TO DO:
Each line from the one containing "(* Actions: u" through the last line of the material below is to be transcribed exactly, with nothing else included.
[[ EXERCISE DATA open ]]
(* Let $G=G_+G_-$ be a unique factorization of a finite group $G$, let $\xi,\eta:G_+\to G_-$ be maps and $r:G_+\times G_+\to\mathbb R_{>0}$ a function such that \[ R=\sum_{u,v\in G_+} r(u,v)\,\{u(\eta(v)^{u})^{-1}\}\otimes\{v\,\xi(u)\} \] is a positive quasi-triangular structure on $H(G;G_+,G_-)$. Then $r(u,v)=1$ for all $u,v\in G_+$.
   Context: A unique factorization $G=G_+G_-$ consists of subgroups $G_+,G_-$ such that every $g\in G$ is uniquely $g=g_+g_-$ with $g_+\in G_+$, $g_-\in G_-$. For $u\in G_+$, $x\in G_-$ define ${}^u x\in G_-$, $u^x\in G_+$, ${}^x u\in G_+$, $x^u\in G_-$ by $ux=({}^u x)(u^x)$ and $xu=({}^x u)(x^u)$. $H(G;G_+,G_-)$ is the complex vector space with basis $\{g\}$, $g\in G$, and Hopf algebra structure: $\{g\}\{h\}=\delta_{g_+^{\,g_-},\,h_+}\{g h_-\}$; unit $1=\sum_{u\in G_+}\{u\}$; $\Delta\{g\}=\sum_{h\in G_+}\{g_+h^{-1}({}^{h}g_-)\}\otimes\{h g_-\}$; $\varepsilon\{g\}=\delta_{g_+,e}$; $S\{g\}=\{g^{-1}\}$. A quasi-triangular structure on a Hopf algebra $H$ is an invertible $R\in H\otimes H$ with $\tau\Delta(a)=R\Delta(a)R^{-1}$ for all $a$ ($\tau$ the flip), $(\Delta\otimes\mathrm{id})R=R_{13}R_{23}$, $(\mathrm{id}\otimes\Delta)R=R_{13}R_{12}$, and $(\varepsilon\otimes\mathrm{id})R=(\mathrm{id}\otimes\varepsilon)R=1$. An element of $H(G;G_+,G_-)^{\otimes 2}$ is positive if it is a linear combination of the $\{g\}\otimes\{h\}$ with non-negative real coefficients. *)

theory Defs
  imports "HOL-Algebra.Group" Complex_Main
begin

definition unique_factorization :: "('a,'b) monoid_scheme \<Rightarrow> 'a set \<Rightarrow> 'a set \<Rightarrow> bool" where
  "unique_factorization G Gp Gm \<longleftrightarrow> subgroup Gp G \<and> subgroup Gm G \<and>
     (\<forall>g\<in>carrier G. \<exists>!p. fst p \<in> Gp \<and> snd p \<in> Gm \<and> g = fst p \<otimes>\<^bsub>G\<^esub> snd p)"

definition fp :: "('a,'b) monoid_scheme \<Rightarrow> 'a set \<Rightarrow> 'a set \<Rightarrow> 'a \<Rightarrow> 'a" where
  "fp G Gp Gm g = (THE u. u \<in> Gp \<and> (\<exists>x\<in>Gm. g = u \<otimes>\<^bsub>G\<^esub> x))"
definition fm :: "('a,'b) monoid_scheme \<Rightarrow> 'a set \<Rightarrow> 'a set \<Rightarrow> 'a \<Rightarrow> 'a" where
  "fm G Gp Gm g = (THE x. x \<in> Gm \<and> (\<exists>u\<in>Gp. g = u \<otimes>\<^bsub>G\<^esub> x))"
definition gm :: "('a,'b) monoid_scheme \<Rightarrow> 'a set \<Rightarrow> 'a set \<Rightarrow> 'a \<Rightarrow> 'a" where
  "gm G Gp Gm g = (THE x. x \<in> Gm \<and> (\<exists>u\<in>Gp. g = x \<otimes>\<^bsub>G\<^esub> u))"
definition gp :: "('a,'b) monoid_scheme \<Rightarrow> 'a set \<Rightarrow> 'a set \<Rightarrow> 'a \<Rightarrow> 'a" where
  "gp G Gp Gm g = (THE u. u \<in> Gp \<and> (\<exists>x\<in>Gm. g = x \<otimes>\<^bsub>G\<^esub> u))"

(* Actions: u x = (^u x)(u^x) and x u = (^x u)(x^u), for u in G+, x in G- *)
definition lact_pm where "lact_pm G Gp Gm u x = gm G Gp Gm (u \<otimes>\<^bsub>G\<^esub> x)"
definition ract_pm where "ract_pm G Gp Gm u x = gp G Gp Gm (u \<otimes>\<^bsub>G\<^esub> x)"
definition lact_mp where "lact_mp G Gp Gm x u = fp G Gp Gm (x \<otimes>\<^bsub>G\<^esub> u)"
definition ract_mp where "ract_mp G Gp Gm x u = fm G Gp Gm (x \<otimes>\<^bsub>G\<^esub> u)"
[[ EXERCISE DATA closed ]]
RESULT FOR THIS TASK:
(* Actions: u x = (^u x)(u^x) and x u = (^x u)(x^u), for u in G+, x in G- *)
definition lact_pm where "lact_pm G Gp Gm u x = gm G Gp Gm (u \<otimes>\<^bsub>G\<^esub> x)"
definition ract_pm where "ract_pm G Gp Gm u x = gp G Gp Gm (u \<otimes>\<^bsub>G\<^esub> x)"
definition lact_mp where "lact_mp G Gp Gm x u = fp G Gp Gm (x \<otimes>\<^bsub>G\<^esub> u)"
definition ract_mp where "ract_mp G Gp Gm x u = fm G Gp Gm (x \<otimes>\<^bsub>G\<^esub> u)"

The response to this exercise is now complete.